The Government’s latest intergovernmental relations report states that all relevant ministers in Scotland, Wales, Northern Ireland and the UK Government have agreed the final version for the Nutrition Labelling, Composition and Standards Framework.

On 14 July, a Commons Delegated Legislation Committee debated the Draft United Kingdom Internal Market Act 2020 (Exclusions from Market Access Principles: Single-use Plastics) Regulations 2022. This Statutory Instrument was brought forward following an agreement under the provisional Resources and Waste Common Framework to allow an exclusion from the market access principles for the Scottish Government to ban certain single use plastics. This was the first formal request in this regard. The Minister confirmed that the Statutory Instrument will be made without the consent of the Department for the Economy as the NI Executive is not meeting and such a cross-cutting issue would require the Executive’s consent.
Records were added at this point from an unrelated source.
(* Let $M$ be a connected one-manifold (one of $\mathbb{R}$, $[0,1)$, $[0,1]$, $S^1$) and let $\{I_i \subset M : i \in \mathbb{Z}\}$ be a family of pairwise disjoint open intervals of finite length such that $U = \bigcup_i I_i$ is dense in $M$. Let $l_i$ denote the length of $I_i$. Let $l_i' > 0$ be real numbers such that whenever $S \subset \mathbb{Z}$ is such that $\bigcup_{i\in S} I_i$ is contained in some bounded interval, $\sum_{i \in S} l_i' < \infty$ (in particular this holds if $\sum_{i\in\mathbb{Z}} l_i' < \infty$). Then there exists a homeomorphism $\phi$ of $M$ onto its image $\phi(M)$ (a one-manifold of the same type, with its Euclidean length) such that for each $i$ the length of $\phi(I_i)$ is $l_i'$, and $m(\phi(C)) = 0$, where $C = M \setminus U$ and $m$ denotes Lebesgue measure.
   Context: Lengths and Lebesgue measure on $M$ and on $\phi(M)$ refer to the standard Euclidean length (on a circle, arc length). *)

theory Defs
  imports "HOL-Analysis.Analysis"
begin

text \<open>The three connected one-manifolds realised as subsets of the real line:
  the line, the half-open interval [0,1) and the closed interval [0,1].
  The circle S^1 is realised as the unit circle in the complex plane.\<close>

definition line_models :: "real set set" where
  "line_models = {UNIV, {0..<1}, {0..1}}"

definition circle_measure :: "real \<Rightarrow> complex measure" where
  "circle_measure r = distr (restrict_space lborel {0..<2*pi*r}) borel (\<lambda>s. of_real r * cis (s / r))"

end

theory Submission
  imports Defs
begin

text \<open>Give the gap \<open>I\<^sub>i\<close> the constant density \<open>l\<^sub>i' / |I\<^sub>i|\<close> and the rest of the line
  density 0. The summability hypothesis makes this density locally integrable, so its indefinite
  integral \<open>\<phi>\<close> is continuous and nondecreasing; it is affine with slope \<open>l\<^sub>i' / |I\<^sub>i|\<close>
  on \<open>I\<^sub>i\<close>, so \<open>\<phi>(I\<^sub>i)\<close> has length \<open>l\<^sub>i'\<close>; it is strictly increasing because the
  gaps are dense, hence a homeomorphism onto its image; and \<open>\<phi>(C)\<close> is null because on every
  \<open>[c, d]\<close> the disjoint images of the gaps already have total length \<open>\<phi>(d) - \<phi>(c)\<close>.
  For the circle, run the same construction on the angles of one turn starting at an endpoint of
  \<open>I\<^sub>0\<close>, and wrap the result around the circle whose circumference is the total new length.\<close>

section \<open>Stretching the gaps of the real line\<close>

lemma image_affinity_greaterThanLessThan:
  fixes m c :: real
  assumes "0 < m"
  shows "(\<lambda>x. m * x + c) ` {p<..<q} = {m * p + c<..<m * q + c}"
proof (intro equalityI subsetI)
  fix y assume "y \<in> {m * p + c<..<m * q + c}"
  with assms show "y \<in> (\<lambda>x. m * x + c) ` {p<..<q}"
    by (intro image_eqI[of _ _ "(y - c) / m"]) (auto simp: field_simps)
qed (use assms in auto)

locale gap_intervals =
  fixes a b l :: "nat \<Rightarrow> real"
  assumes gap_nonempty: "a n < b n"
    and gaps_disjoint: "disjoint_family (\<lambda>n. {a n<..<b n})"
    and length_pos: "0 < l n"
    and summable_on_bounded: "bounded (\<Union>n\<in>S. {a n<..<b n}) \<Longrightarrow> l summable_on S"
begin

abbreviation gap :: "nat \<Rightarrow> real set" where "gap n \<equiv> {a n<..<b n}"

lemma gap_unique: "x \<in> gap n \<Longrightarrow> x \<in> gap m \<Longrightarrow> n = m"
  using gaps_disjoint unfolding disjoint_family_on_def by blast

definition slope :: "nat \<Rightarrow> real" where "slope n = l n / (b n - a n)"

lemma slope_pos: "0 < slope n"
  using gap_nonempty[of n] length_pos[of n] by (simp add: slope_def)

lemma slope_times_length: "slope n * (b n - a n) = l n"
  using gap_nonempty[of n] by (simp add: slope_def)

definition gap_density :: "real \<Rightarrow> ennreal" where
  "gap_density x = (\<Sum>n. ennreal (slope n) * indicator (gap n) x)"

lemma gap_density_borel[measurable]: "gap_density \<in> borel_measurable borel"
  unfolding gap_density_def by measurable

lemma gap_density_in_gap: "x \<in> gap n \<Longrightarrow> gap_density x = ennreal (slope n)"
proof -
  assume x: "x \<in> gap n"
  have "gap_density x = (\<Sum>m\<in>{n}. ennreal (slope m) * indicator (gap m) x)"
    unfolding gap_density_def
    by (rule suminf_finite) (use x gap_unique in \<open>auto simp: indicator_def\<close>)
  then show ?thesis using x by (simp only: sum.insert_if finite.emptyI sum.empty) simp
qed

lemma gap_density_outside: "x \<notin> (\<Union>n. gap n) \<Longrightarrow> gap_density x = 0"
  unfolding gap_density_def by auto

definition stretched :: "real measure" where "stretched = density lborel gap_density"

lemma sets_stretched[simp, measurable_cong]: "sets stretched = sets borel"
  by (simp add: stretched_def)

lemma emeasure_stretched:
  assumes [measurable]: "A \<in> sets borel"
  shows "emeasure stretched A = (\<Sum>n. ennreal (slope n) * emeasure lborel (gap n \<inter> A))"
proof -
  have "emeasure stretched A = (\<integral>\<^sup>+ x. gap_density x * indicator A x \<partial>lborel)"
    unfolding stretched_def by (rule emeasure_density) auto
  also have "\<dots> = (\<integral>\<^sup>+ x. (\<Sum>n. ennreal (slope n) * indicator (gap n \<inter> A) x) \<partial>lborel)"
    unfolding gap_density_def
    by (intro nn_integral_cong)
       (simp add: ennreal_suminf_multc[symmetric] indicator_inter_arith mult.assoc)
  also have "\<dots> = (\<Sum>n. (\<integral>\<^sup>+ x. ennreal (slope n) * indicator (gap n \<inter> A) x \<partial>lborel))"
    by (rule nn_integral_suminf) auto
  also have "\<dots> = (\<Sum>n. ennreal (slope n) * emeasure lborel (gap n \<inter> A))"
    by (intro suminf_cong nn_integral_cmult_indicator) auto
  finally show ?thesis .
qed

lemma slope_mult_emeasure_gap_le: "ennreal (slope n) * emeasure lborel (gap n \<inter> A) \<le> ennreal (l n)"
proof -
  have "emeasure lborel (gap n \<inter> A) \<le> ennreal (b n - a n)"
    using emeasure_mono[of "gap n \<inter> A" "gap n" lborel] gap_nonempty[of n] by simp
  then have "ennreal (slope n) * emeasure lborel (gap n \<inter> A) \<le> ennreal (slope n) * ennreal (b n - a n)"
    by (rule mult_left_mono) simp
  also have "\<dots> = ennreal (l n)"
    using gap_nonempty[of n] slope_pos[of n] by (simp add: ennreal_mult[symmetric] slope_times_length)
  finally show ?thesis .
qed

lemma bounded_gaps_meeting_Icc: "bounded (\<Union>n\<in>{n. gap n \<inter> {c..d} \<noteq> {}}. gap n)"
proof -
  have finite_gaps_at: "finite {n. x \<in> gap n}" for x
  proof (cases "\<exists>m. x \<in> gap m")
    case True
    then obtain m where "x \<in> gap m" by blast
    then have "{n. x \<in> gap n} \<subseteq> {m}" using gap_unique by blast
    then show ?thesis by (rule finite_subset) simp
  next
    case False
    then have "{n. x \<in> gap n} = {}" by blast
    then show ?thesis by (simp only: finite.emptyI)
  qed
  \<comment> \<open>a gap meeting [c, d] either lies inside it or contains one of its end points\<close>
  have "(\<Union>n\<in>{n. gap n \<inter> {c..d} \<noteq> {}}. gap n)
        \<subseteq> {c..d} \<union> (\<Union>n\<in>{n. c \<in> gap n}. gap n) \<union> (\<Union>n\<in>{n. d \<in> gap n}. gap n)"
  proof
    fix z assume "z \<in> (\<Union>n\<in>{n. gap n \<inter> {c..d} \<noteq> {}}. gap n)"
    then obtain n y where y: "y \<in> gap n" "c \<le> y" "y \<le> d" and z: "z \<in> gap n" by force
    show "z \<in> {c..d} \<union> (\<Union>n\<in>{n. c \<in> gap n}. gap n) \<union> (\<Union>n\<in>{n. d \<in> gap n}. gap n)"
    proof (cases "c \<in> gap n \<or> d \<in> gap n")
      case True
      with z show ?thesis by blast
    next
      case False
      with y have "c \<le> a n" "b n \<le> d" by auto
      with z show ?thesis by auto
    qed
  qed
  moreover have "bounded ({c..d} \<union> (\<Union>n\<in>{n. c \<in> gap n}. gap n) \<union> (\<Union>n\<in>{n. d \<in> gap n}. gap n))"
    using finite_gaps_at by (auto intro!: bounded_UN)
  ultimately show ?thesis by (rule bounded_subset[rotated])
qed

lemma emeasure_stretched_Icc_finite: "emeasure stretched {c..d} < \<infinity>"
proof -
  let ?S = "{n. gap n \<inter> {c..d} \<noteq> {}}"
  have "l summable_on ?S" by (rule summable_on_bounded[OF bounded_gaps_meeting_Icc])
  moreover have "(\<lambda>n. if n \<in> ?S then l n else 0) summable_on UNIV \<longleftrightarrow> l summable_on ?S"
    by (rule summable_on_cong_neutral) auto
  ultimately have summable: "summable (\<lambda>n. if n \<in> ?S then l n else 0)"
    using summable_on_imp_summable by auto
  have "emeasure stretched {c..d} = (\<Sum>n. ennreal (slope n) * emeasure lborel (gap n \<inter> {c..d}))"
    by (rule emeasure_stretched) auto
  also have "\<dots> \<le> (\<Sum>n. ennreal (if n \<in> ?S then l n else 0))"
    by (intro suminf_le) (auto simp: slope_mult_emeasure_gap_le)
  also have "\<dots> = ennreal (\<Sum>n. if n \<in> ?S then l n else 0)"
    by (rule suminf_ennreal2) (use length_pos less_imp_le summable in auto)
  also have "\<dots> < \<infinity>" by simp
  finally show ?thesis .
qed

lemma emeasure_stretched_singleton: "emeasure stretched {x} = 0"
proof -
  have "emeasure lborel (gap n \<inter> {x}) = 0" for n
    using emeasure_mono[of "gap n \<inter> {x}" "{x}" lborel] by simp
  then show ?thesis by (simp add: emeasure_stretched)
qed

definition mass :: "real \<Rightarrow> real \<Rightarrow> real" where
  "mass x y = enn2real (emeasure stretched {x<..y})"

lemma mass_nonneg: "0 \<le> mass x y"
  by (simp add: mass_def)

lemma emeasure_stretched_greaterThanAtMost: "emeasure stretched {x<..y} = ennreal (mass x y)"
proof -
  have "emeasure stretched {x<..y} \<le> emeasure stretched {x..y}"
    by (intro emeasure_mono) auto
  then have "emeasure stretched {x<..y} < \<infinity>"
    using emeasure_stretched_Icc_finite[of x y] by order
  then show ?thesis unfolding mass_def by (simp add: less_top)
qed

lemma emeasure_stretched_atLeastAtMost:
  assumes "x \<le> y"
  shows "emeasure stretched {x..y} = ennreal (mass x y)"
proof -
  have "emeasure stretched {x..y} = emeasure stretched {x} + emeasure stretched {x<..y}"
    using assms by (subst plus_emeasure) (auto intro!: arg_cong[where f = "emeasure stretched"])
  then show ?thesis by (simp add: emeasure_stretched_singleton emeasure_stretched_greaterThanAtMost)
qed

lemma mass_add:
  assumes "x \<le> y" "y \<le> z"
  shows "mass x z = mass x y + mass y z"
proof -
  have "emeasure stretched {x<..z} = emeasure stretched {x<..y} + emeasure stretched {y<..z}"
    using assms by (subst plus_emeasure) (auto intro!: arg_cong[where f = "emeasure stretched"])
  then show ?thesis
    by (simp add: emeasure_stretched_greaterThanAtMost mass_nonneg ennreal_plus[symmetric]
        del: ennreal_plus)
qed

definition stretch :: "real \<Rightarrow> real \<Rightarrow> real" where
  "stretch x0 x = (if x0 \<le> x then mass x0 x else - mass x x0)"

lemma stretch_base: "stretch x0 x0 = 0"
  by (simp add: stretch_def mass_def)

lemma stretch_diff: "x \<le> y \<Longrightarrow> stretch x0 y - stretch x0 x = mass x y"
  unfolding stretch_def using mass_add[of x0 x y] mass_add[of x y x0] mass_add[of x x0 y]
  by auto

lemma stretch_mono: "x \<le> y \<Longrightarrow> stretch x0 x \<le> stretch x0 y"
  using stretch_diff[of x y x0] mass_nonneg[of x y] by linarith

definition local_slope :: "real \<Rightarrow> real" where "local_slope x = enn2real (gap_density x)"

lemma gap_density_eq_local_slope: "gap_density x = ennreal (local_slope x)"
  unfolding local_slope_def
  by (cases "x \<in> (\<Union>n. gap n)") (auto simp: gap_density_in_gap gap_density_outside)

lemma has_integral_local_slope:
  assumes "c \<le> d"
  shows "(local_slope has_integral mass c d) {c..d}"
proof -
  let ?f = "\<lambda>x. local_slope x * indicator {c..d} x"
  have "(\<integral>\<^sup>+x. ennreal (?f x) \<partial>lborel) = (\<integral>\<^sup>+x. gap_density x * indicator {c..d} x \<partial>lborel)"
    by (intro nn_integral_cong) (simp add: gap_density_eq_local_slope indicator_def)
  also have "\<dots> = emeasure stretched {c..d}"
    unfolding stretched_def by (rule emeasure_density[symmetric]) auto
  also have "\<dots> = ennreal (mass c d)" using assms by (rule emeasure_stretched_atLeastAtMost)
  finally have "(?f has_integral mass c d) UNIV"
    by (intro nn_integral_has_integral) (auto simp: local_slope_def mass_nonneg)
  moreover have "?f = (\<lambda>x. if x \<in> {c..d} then local_slope x else 0)"
    by (auto simp: indicator_def)
  ultimately show ?thesis
    using has_integral_restrict_UNIV[of "{c..d}" local_slope "mass c d"] by simp
qed

lemma continuous_stretch: "continuous_on S (stretch x0)"
proof (intro continuous_at_imp_continuous_on ballI)
  fix x :: real
  let ?c = "x - 1" and ?d = "x + 1"
  have "local_slope integrable_on {?c..?d}"
    using has_integral_local_slope[of ?c ?d] by auto
  then have "continuous_on {?c..?d} (\<lambda>y. stretch x0 ?c + integral {?c..y} local_slope)"
    by (intro continuous_intros indefinite_integral_continuous_1)
  moreover have "stretch x0 ?c + integral {?c..y} local_slope = stretch x0 y" if "y \<in> {?c..?d}" for y
    using that stretch_diff[of ?c y x0] integral_unique[OF has_integral_local_slope[of ?c y]] by auto
  ultimately have "continuous_on {?c..?d} (stretch x0)"
    by (rule continuous_on_eq)
  then show "isCont (stretch x0) x"
    by (rule continuous_on_interior) auto
qed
However, the Government has engaged with the Minister for Agriculture, Environment and Rural Affairs and the Minister for the Economy who have not raised any objections to the proposal.


Retained EU law

On 18 July, the Commons European Scrutiny Committee published a report on 'Retained EU Law: where next?'. The Committee argues that “retained EU law lacks the democratic legitimacy of UK statute.” It notes that the relationship between retained EU law and the devolution settlements “raises complex constitutional and legal issues” and urges the Government to consult the devolved administrations as early as possible on the content of the Retained EU Law Bill (commonly referred to as the Brexit Freedoms Bill): “This may mean going beyond usual practice in intergovernmental relations”. It also recommends that “until a satisfactory long-term resolution to the impact of the Protocol is achieved, the Government ensures that any future legislation to change the functioning of retained EU law includes provisions to ensure that Parliament is informed if changes to retained EU law could lead to divergence between Northern Ireland and the rest of the UK.”